Running ACCESS-rAM3 via bash script - can't find executable

Hi all,

I’m running ensemble members for ACCESS-rAM3 and I’ve been developing a bash script to automate the process. The problem is that when it executes rose suite-run from the bash script the session will fail at the um-recon job and in the job.err it says um-recon: command not found. I am aware this is an issue with the executable. I’ve created my own executable and linked to it in the rose-suite.conf, I have it stored at /g/data/gb02/jt0319/ACCESS_rAM3/executables. This works perfectly fine when I execute rose suite-run from my terminal - no issues. It is only when it is called from the bash script.

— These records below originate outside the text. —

lemma walk_realising_types:
  assumes r: "3 \<le> r" and n: "r + 1 \<le> n"
    and E: "finite E" "\<forall>(j, k)\<in>E. 1 \<le> j \<and> j \<le> r - 2 \<and> k + r + 1 \<le> n"
  obtains xs where "xs \<noteq> []" "\<forall>x\<in>set xs. generic r n x \<and> x 1 > 0" "successively (adjacent r n) xs"
    "\<forall>(j, k)\<in>E. realises_type r n xs j k"
proof -
  have "\<exists>xs. xs \<noteq> [] \<and> (\<forall>x\<in>set xs. generic r n x \<and> x 1 > 0) \<and> successively (adjacent r n) xs \<and>
      (\<forall>(j, k)\<in>E. realises_type r n xs j k)"
    using E
  proof (induction E rule: finite_induct)
    case empty
    have "moment n 1 > 0" by (simp add: moment_def)
    then show ?case using generic_moment by (intro exI[of _ "[moment n]"]) simp
  next
    case (insert e E)
    obtain j k where e: "e = (j, k)" by fastforce
    obtain xs where xs: "xs \<noteq> []" "\<forall>x\<in>set xs. generic r n x \<and> x 1 > 0"
      "successively (adjacent r n) xs" "\<forall>(j, k)\<in>E. realises_type r n xs j k"
      using insert by auto
    have jk: "1 \<le> j" "j \<le> r - 2" "k + r + 1 \<le> n" using insert.prems e by auto
    obtain x0 x1 where x: "generic r n x0" "x0 1 > 0" "generic r n x1" "x1 1 > 0"
      and cross: "\<And>y. generic r n y \<Longrightarrow> same_chamber r n y x0 \<Longrightarrow>
        adjacent r n y x1 \<and> mutation_of_type r n (moment_config n y) (moment_config n x1) j k"
      using chamber_pair_of_type[OF r jk] by blast
    have "last xs \<in> set xs" using xs(1) by simp
    then obtain zs where zs: "zs \<noteq> []" "hd zs = last xs" "same_chamber r n (last zs) x0"
      "successively (adjacent r n) zs" "\<forall>z\<in>set zs. generic r n z \<and> z 1 > 0"
      using chamber_walk[of n r "last xs" x0] xs(2) x(1,2) n r by auto
    define ys where "ys = xs @ tl zs"
    have last_ys: "last ys = last zs"
    proof (cases "tl zs = []")
      case True
      then have "zs = [hd zs]" using zs(1) by (metis list.collapse)
      then show ?thesis using True zs(2) by (metis append_Nil2 last.simps ys_def)
    next
      case False
      then show ?thesis by (simp add: ys_def last_tl)
    qed
    have "generic r n (last zs)" using zs(1,5) by simp
    then have step: "adjacent r n (last ys) x1"
      "mutation_of_type r n (moment_config n (last ys)) (moment_config n x1) j k"
      using cross zs(3) last_ys by auto
    have "successively (adjacent r n) ys"
      unfolding ys_def by (rule successively_append_tl[OF xs(3) zs(4,1,2)])
    then have "successively (adjacent r n) (ys @ [x1])"
      using step(1) by (simp add: successively_append_iff)
    moreover have "\<forall>x\<in>set (ys @ [x1]). generic r n x \<and> x 1 > 0"
      using xs(2) zs(5) x(3,4) list.set_sel(2)[OF zs(1)] by (auto simp: ys_def)
    moreover have "realises_type r n (ys @ [x1]) j k"
    proof -
      have "ys \<noteq> []" using xs(1) by (simp add: ys_def)
      then have "Suc (length ys - 1) < length (ys @ [x1])" "(ys @ [x1]) ! (length ys - 1) = last ys"
        "(ys @ [x1]) ! Suc (length ys - 1) = x1" by (simp_all add: nth_append last_conv_nth)
      then show ?thesis using step(2) unfolding realises_type_def by metis
    qed
    moreover have "\<forall>(j, k)\<in>E. realises_type r n (ys @ [x1]) j k"
      using xs(4) realises_type_append unfolding ys_def by fastforce
    ultimately show ?case using e by (intro exI[of _ "ys @ [x1]"]) auto
  qed
  then show ?thesis using that by blast
qed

Below is this script:

#!/bin/bash



set -euo pipefail



# Usage: bash run_ram3_ensemble_manual.sh <member_range>

# Example: bash run_ram3_ensemble_manual.sh 1,8




if [ $# -lt 1 ]; then

echo "Usage: $0 <member_range>"

exit 1

fi




MEMBER_RANGE="$1"

MEMBER_START=$(echo "$MEMBER_RANGE" | cut -d',' -f1)

MEMBER_END=$(echo "$MEMBER_RANGE" | cut -d',' -f2)

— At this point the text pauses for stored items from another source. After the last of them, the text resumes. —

definition strict_2cat :: "('o,'a,'c) twocat \<Rightarrow> bool" where
  "strict_2cat C \<longleftrightarrow>
    \<comment> \<open>underlying category of objects and 1-cells\<close>
    (\<forall>x. dom1 C (id1 C x) = x \<and> cod1 C (id1 C x) = x) \<and>
    (\<forall>F G. cod1 C F = dom1 C G \<longrightarrow>
        dom1 C (c1 C G F) = dom1 C F \<and> cod1 C (c1 C G F) = cod1 C G) \<and>
    (\<forall>F. c1 C F (id1 C (dom1 C F)) = F \<and> c1 C (id1 C (cod1 C F)) F = F) \<and>
    (\<forall>F G H. cod1 C F = dom1 C G \<and> cod1 C G = dom1 C H \<longrightarrow>
        c1 C H (c1 C G F) = c1 C (c1 C H G) F) \<and>
    \<comment> \<open>2-cells go between parallel 1-cells\<close>
    (\<forall>a. dom1 C (s2 C a) = dom1 C (t2 C a) \<and> cod1 C (s2 C a) = cod1 C (t2 C a)) \<and>
    \<comment> \<open>vertical composition: hom-categories\<close>
    (\<forall>F. s2 C (id2 C F) = F \<and> t2 C (id2 C F) = F) \<and>
    (\<forall>a b. t2 C a = s2 C b \<longrightarrow> s2 C (vc C b a) = s2 C a \<and> t2 C (vc C b a) = t2 C b) \<and>
    (\<forall>a. vc C a (id2 C (s2 C a)) = a \<and> vc C (id2 C (t2 C a)) a = a) \<and>
    (\<forall>a b c. t2 C a = s2 C b \<and> t2 C b = s2 C c \<longrightarrow>
        vc C c (vc C b a) = vc C (vc C c b) a) \<and>
    \<comment> \<open>horizontal composition\<close>
    (\<forall>a b. cod1 C (s2 C a) = dom1 C (s2 C b) \<longrightarrow>
        s2 C (hc C b a) = c1 C (s2 C b) (s2 C a) \<and> t2 C (hc C b a) = c1 C (t2 C b) (t2 C a)) \<and>
    (\<forall>F G. cod1 C F = dom1 C G \<longrightarrow> hc C (id2 C G) (id2 C F) = id2 C (c1 C G F)) \<and>
    (\<forall>a. hc C (id2 C (id1 C (cod1 C (s2 C a)))) a = a \<and>
         hc C a (id2 C (id1 C (dom1 C (s2 C a)))) = a) \<and>
    (\<forall>a b c. cod1 C (s2 C a) = dom1 C (s2 C b) \<and> cod1 C (s2 C b) = dom1 C (s2 C c) \<longrightarrow>
        hc C c (hc C b a) = hc C (hc C c b) a) \<and>
    \<comment> \<open>interchange law\<close>
    (\<forall>a a' b b'. t2 C a = s2 C a' \<and> t2 C b = s2 C b' \<and> cod1 C (s2 C a) = dom1 C (s2 C b) \<longrightarrow>
        hc C (vc C b' b) (vc C a' a) = vc C (hc C b' a') (hc C b a))"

WORK_DIR="/home/272/jt0319/Code_2/Python/Reading_and_comparing_ensembles"

IC_DIR="/g/data/ng72/jt0319/ram3_start_dumps"

BASE_IC_TEMPLATE="qwqg00.reduced.2019121200.T+0"

BASE_IC_FULL="$IC_DIR/$BASE_IC_TEMPLATE"

BASE_IC_ORIG="$BASE_IC_FULL-original"




ROSES_DIR="$HOME/roses/ram3_global"

OUTPUT_FOLDER="SE_Australia"

SUITE_NAME="ram3_global"

PYTHON_BIN="${PYTHON_BIN:-python3}"

AMPLITUDE="1e-1"





#export ROSE_SITE_NAME=nci-gadi





cd "$WORK_DIR"




for member in $(seq "$MEMBER_START" "$MEMBER_END"); do

echo "=== Member $member ==="




# restore original IC

cp "$BASE_IC_ORIG" "$BASE_IC_FULL"




# load pythonlib if available (silent failure ok)

module use ~access/modules >/dev/null 2>&1 || true

module load pythonlib/umfile_utils/access_cm2 >/dev/null 2>&1 || true




# perturb IC

"$PYTHON_BIN" perturbIC.py -s "$member" -a "$AMPLITUDE" "$BASE_IC_FULL"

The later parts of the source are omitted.